Records from a dataset
★ ★ ★ ★

lemma hcoef_sum_le_zeta_real: "hcoef_sum k 0 N \<le> real (k + 1) * zeta_real (k + 2)"
proof -
  let ?w = "\<lambda>m. real (k + 1) / real (Suc m) ^ (k + 2)"
  have "hcoef_sum k 0 N \<le> real (k + 1) * zeta_real (k + 2) + hcoef_sum k (real M) N" for M
  proof -
    have "(\<Sum>m<M. ?w m - hcoef_div_sq (real (Suc m)) N k)
        \<le> (\<Sum>m<M. ?w m)"
      by (intro sum_mono) (simp add: hcoef_div_sq_nonneg)
    also have "\<dots> \<le> suminf ?w"
      using sums_weighted_zeta_real[of k] by (intro sum_le_suminf) (auto simp: sums_iff)
    also have "\<dots> = real (k + 1) * zeta_real (k + 2)"
      using sums_weighted_zeta_real[of k] by (simp add: sums_iff)
    finally show ?thesis
      using hcoef_sum_decompose[of k N M] by linarith
  qed
  moreover have "(\<lambda>M. real (k + 1) * zeta_real (k + 2) + hcoef_sum k (real M) N)
      \<longlonglongrightarrow> real (k + 1) * zeta_real (k + 2) + 0"
    by (intro tendsto_add tendsto_const tendsto_hcoef_sum_param)
  ultimately show ?thesis
    using LIMSEQ_le_const[of _ _ "hcoef_sum k 0 N"] by auto
qed

lemma summable_hcoef_0: "summable (\<lambda>n. hcoef 0 (Suc n) k / real (Suc n) ^ 2)"
  by (rule summableI_nonneg_bounded[where x = "real (k + 1) * zeta_real (k + 2)"])
     (use hcoef_sum_le_zeta_real in \<open>auto simp: hcoef_sum_def hcoef_nonneg\<close>)

lemma mono_hcoef_0: "mono (\<lambda>n. hcoef 0 n k)"
proof (rule incseq_SucI)
  fix n
  have "real (Suc n) * hcoef 0 (Suc n) k = real (Suc n) * hcoef 0 n k + times_X (hcoef 0 (Suc n)) k"
    using hcoef_Suc[of 0 n k] by simp
  moreover have "0 \<le> times_X (hcoef 0 (Suc n)) k"
    by (cases k) (simp_all add: hcoef_nonneg)
  ultimately have "real (Suc n) * hcoef 0 n k \<le> real (Suc n) * hcoef 0 (Suc n) k"
    by linarith
  then show "hcoef 0 n k \<le> hcoef 0 (Suc n) k"
    by (rule mult_left_le_imp_le) simp
qed

lemma tendsto_div_nat_of_mono_summable:
  fixes u :: "nat \<Rightarrow> real"
  assumes mono: "mono u" and nonneg: "\<And>n. 0 \<le> u n"
    and summable: "summable (\<lambda>n. u (Suc n) / real (Suc n) ^ 2)"
  shows "(\<lambda>N. u N / real N) \<longlonglongrightarrow> 0"
proof -
  define g where "g n = u (Suc n) / real (Suc n) ^ 2" for n
  define S where "S N = (\<Sum>n<N. g n)" for N
  have "S \<longlonglongrightarrow> suminf g"
    unfolding S_def g_def using summable by (rule summable_LIMSEQ)
  moreover from this have "(\<lambda>N. S (2 * N)) \<longlonglongrightarrow> suminf g"
    using LIMSEQ_subseq_LIMSEQ[of S _ "\<lambda>N. 2 * N"] by (simp add: strict_mono_def o_def)
  ultimately have "(\<lambda>N. 4 * (S (2 * N) - S N)) \<longlonglongrightarrow> 4 * (suminf g - suminf g)"
    by (intro tendsto_intros)
  then have lim: "(\<lambda>N. 4 * (S (2 * N) - S N)) \<longlonglongrightarrow> 0"
    by simp
  have bound: "u N / real N \<le> 4 * (S (2 * N) - S N)" if "1 \<le> N" for N
  proof -
    have "u N / (4 * real N ^ 2) \<le> g n" if "n \<in> {N..<2 * N}" for n
    proof -
      have "real (Suc n) ^ 2 \<le> (2 * real N) ^ 2"
        using that by (intro power_mono) auto
      then have "real (Suc n) ^ 2 \<le> 4 * real N ^ 2"
        by (simp add: power_mult_distrib)
      moreover have "u N \<le> u (Suc n)"
        using that by (intro monoD[OF mono]) simp
      ultimately show ?thesis
        unfolding g_def using nonneg[of N] by (intro frac_le) auto
    qed
    then have "real N * (u N / (4 * real N ^ 2)) \<le> (\<Sum>n\<in>{N..<2 * N}. g n)"
      using sum_bounded_below[of "{N..<2 * N}" "u N / (4 * real N ^ 2)" g] by simp
    also have "\<dots> = S (2 * N) - S N"
      unfolding S_def lessThan_atLeast0 using sum_diff_nat_ivl[of 0 N "2 * N" g] by simp
    finally show ?thesis
      using that by (simp add: power2_eq_square field_simps)
  qed
  show ?thesis
  proof (rule real_tendsto_sandwich[where f = "\<lambda>_. 0" and h = "\<lambda>N. 4 * (S (2 * N) - S N)"])
    show "\<forall>\<^sub>F N in sequentially. u N / real N \<le> 4 * (S (2 * N) - S N)"
      using bound by (intro eventually_sequentiallyI[of 1])
  qed (use lim nonneg in auto)
qed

★ ★ ★ ★

» HOW TO COMPLETE THIS TASK:
Go through the entries above and copy every line containing "that".

» ANSWER BOX:
        using that by (intro power_mono) auto
        using that by (intro monoD[OF mono]) simp
      using that by (simp add: power2_eq_square field_simps)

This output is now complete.